1. Oil Press, Oil Temp, Volts
2. Oil Press, Volts, EGT
3. Oil Press, Oil Temp, EGT

?


----------



## killrmack (Nov 30, 2005)

Terran200sx said:


> i have room for 3 guages in a custom interior piece i'm making, which is a better combo?
> 
> 1. Oil Press, Oil Temp, Volts
> 2. Oil Press, Volts, EGT
> ...


Just wondering but why cant you make a 4 gauge cluster.


----------



## killrmack (Nov 30, 2005)

Sorry I might of jumped the gun by saying it was a cluster, but what are you working with. I not the best but I'm a decent draftsman on the 3d level. So if you would like to talk design I would be glad to help.
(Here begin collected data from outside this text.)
(* Let $\gamma \ge 0$ be a random variable (the channel power gain) with probability density function $f_\gamma$, let $\mathbb{E}[\cdot]$ denote expectation over $\gamma$, and fix constants $\theta>0$, $\beta>0$, $\bar P_\tau>0$ and $0<\tau<T$. Consider the optimization problem (P3) over sampling-rate functions $\lambda(\gamma)$: $$\min_{\lambda(\cdot)} \ \mathbb{E}\!\left[\lambda(\gamma)\left(\beta e^{\theta/\lambda(\gamma)}-1\right)\right]\quad\text{s.t.}\quad \mathbb{E}\!\left[\frac{\lambda(\gamma)}{\gamma}\right]\le \bar P_\tau,\qquad \tau\lambda(\gamma)\le 1,\qquad T\lambda(\gamma)\ge 1 .$$ Then the optimal sampling scheme $\lambda_{\rm opt}(\gamma)$ for this problem is $$\lambda_{\rm opt}(\gamma)=\begin{cases}\dfrac{1}{T}, & 0\le \gamma<\gamma_1^{\rm th},\\[2mm] \dfrac{\theta}{1+\mathcal{W}\!\left(\frac{\eta-\gamma}{e\beta\gamma}\right)}, & \gamma_1^{\rm th}\le\gamma\le\gamma_2^{\rm th},\\[2mm] \dfrac{1}{\tau}, & \gamma>\gamma_2^{\rm th},\end{cases}$$ where $\mathcal{W}(\cdot)$ is the Lambert W function (the inverse of $x\mapsto xe^x$), the thresholds are $$\gamma_1^{\rm th}=\frac{\eta}{1-\beta e^{\theta T}(1-\theta T)},\qquad \gamma_2^{\rm th}=\frac{\eta}{1-\beta e^{\theta\tau}(1-\theta\tau)},$$ and the constant $\eta$ is determined by $\mathbb{E}\!\left[\lambda_{\rm opt}(\gamma)/\gamma\right]=\bar P_\tau$.
   Context: This arises in a status-update system over a block-fading channel with coherence time $T$, packet transmission time $\tau$, and AoI exponent $\theta$. The problem (P3) is the Dinkelbach transform of minimizing $\mathbb{E}[e^{\theta/\lambda(\gamma)}\lambda(\gamma)]/\mathbb{E}[\lambda(\gamma)]$ under the same constraints, with $\beta$ an auxiliary parameter; here $\bar P_\tau=\bar P/(\tau(e^{D\log 2/(\tau B)}-1))$ for average power $\bar P$, packet size $D$ bits and bandwidth $B$, but for the statement $\bar P_\tau$ is simply a positive constant. *)

theory Defs
  imports "HOL-Analysis.Analysis"
begin

definition lambertW :: "real \<Rightarrow> real" where
  "lambertW y = (THE w. -1 \<le> w \<and> w * exp w = y)"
That goes for every one else out there.


----------



## trmn8r (Apr 16, 2005)

i personally am goin with turbo, oil pressure, Fuel Pressure.


----------



## Terran200sx (Dec 30, 2004)

Boost can be monitored by the boost controller.
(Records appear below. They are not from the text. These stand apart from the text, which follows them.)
lemma d_a_pm_colim:
  fixes Mo :: "'i \<Rightarrow> ('k,'m) module" and Mo' :: "'i \<Rightarrow> ('k,'n) module"
  assumes F: "module_functor R Ob rel Mo Ma" and F': "module_functor R Ob rel Mo' Ma'"
    and J_subset: "\<And>p. J p \<subseteq> Ob" and J_mono: "\<And>p q. p \<le> q \<Longrightarrow> J p \<subseteq> J q"
    and J_nonempty: "\<And>p. J p \<noteq> {}"
    and c_in_J: "\<And>\<delta> p. 0 < \<delta> \<Longrightarrow> c p \<in> J (T \<delta> p)"
    and rel_c_T: "\<And>\<delta> p i. 0 < \<delta> \<Longrightarrow> i \<in> J p \<Longrightarrow> rel i (c (T \<delta> p))"
    and rel_c_mono: "\<And>p q. p \<le> q \<Longrightarrow> rel (c p) (c q)"
  shows "d_a R T (pm_reindex c Mo Ma) (pm_reindex c Mo' Ma') =
         d_a R T (pm_colim R J rel Mo Ma) (pm_colim R J rel Mo' Ma')"
proof (rule d_a_eq_if_close)
  have c_in_Ob: "c p \<in> Ob" for p using c_in_J[of 1 p] J_subset by auto
  show "pm_functorial R (pm_reindex c Mo Ma)"
    by (rule module_functor.pm_functorial_pm_reindex[OF F]) (use c_in_Ob rel_c_mono in auto)
  show "pm_functorial R (pm_reindex c Mo' Ma')"
    by (rule module_functor.pm_functorial_pm_reindex[OF F']) (use c_in_Ob rel_c_mono in auto)
  show "pm_functorial R (pm_colim R J rel Mo Ma)"
    by (rule pm_functorial_pm_colim[OF module_functor.module_diagram_subset[OF F J_subset]] J_mono)+
  show "pm_functorial R (pm_colim R J rel Mo' Ma')"
    by (rule pm_functorial_pm_colim[OF module_functor.module_diagram_subset[OF F' J_subset]]
      J_mono)+
  fix \<delta> :: real assume \<delta>: "0 < \<delta>"
  have approx: "colim_approximation R Ob rel Mo Ma J c (T \<delta>)"
    "colim_approximation R Ob rel Mo' Ma' J c (T \<delta>)"
    by (intro colim_approximation.intro colim_approximation_axioms.intro F F' translation_T
        J_subset J_mono J_nonempty c_in_J[OF \<delta>] rel_c_T[OF \<delta>] rel_c_mono; use \<delta> in simp)+
  show "pm_interleaved R (T \<delta>) (pm_reindex c Mo Ma) (pm_colim R J rel Mo Ma)"
    by (rule colim_approximation.pm_interleaved_pm_reindex_pm_colim[OF approx(1)])
  show "pm_interleaved R (T \<delta>) (pm_reindex c Mo' Ma') (pm_colim R J rel Mo' Ma')"
    by (rule colim_approximation.pm_interleaved_pm_reindex_pm_colim[OF approx(2)])
qed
1. Oil Press, Oil Temp, Volts
2. Oil Press, Volts, EGT
3. Oil Press, Oil Temp, EGT


----------



## nosdelux (Dec 8, 2004)

I'm gonna say the first one...simply because the voltmeter has saved my ass when the alternator went and when I was having electrical problems...and since you are running a turbo setup, then oil pressure and temp are very important.


----------



## trmn8r (Apr 16, 2005)

definately need the oil press one. that saved my ass when my turbo oil line busted.


----------



## BoostedSE (Jun 26, 2005)

no need for volts, I'd go oil pressure, water temp, and egt


----------



## Terran200sx (Dec 30, 2004)

in theory why would i need EGT?


----------



## trmn8r (Apr 16, 2005)

Terran200sx said:


> in theory why would i need EGT?


good question? i dunno. thats why i dont have it. maybe someone should try to answer that


----------



## zellx2004 (Sep 30, 2004)

Me either...All I'm going to have is a boost gauge and turbo timer..Everything else will be on the laptop...


----------



## Joel (Jun 11, 2003)

EGT is an indication that your timing is totally out or you are running rich.


----------



## Terran200sx (Dec 30, 2004)

that's what checkengine lights are for


----------



## zellx2004 (Sep 30, 2004)

Wouldn't need it if you had a laptop tellin ya...lol


----------



## Terran200sx (Dec 30, 2004)

I would need a laptop then.


----------



## Joel (Jun 11, 2003)

zellx2004 said:


> Wouldn't need it if you had a laptop tellin ya...lol


Factory sensors suck


----------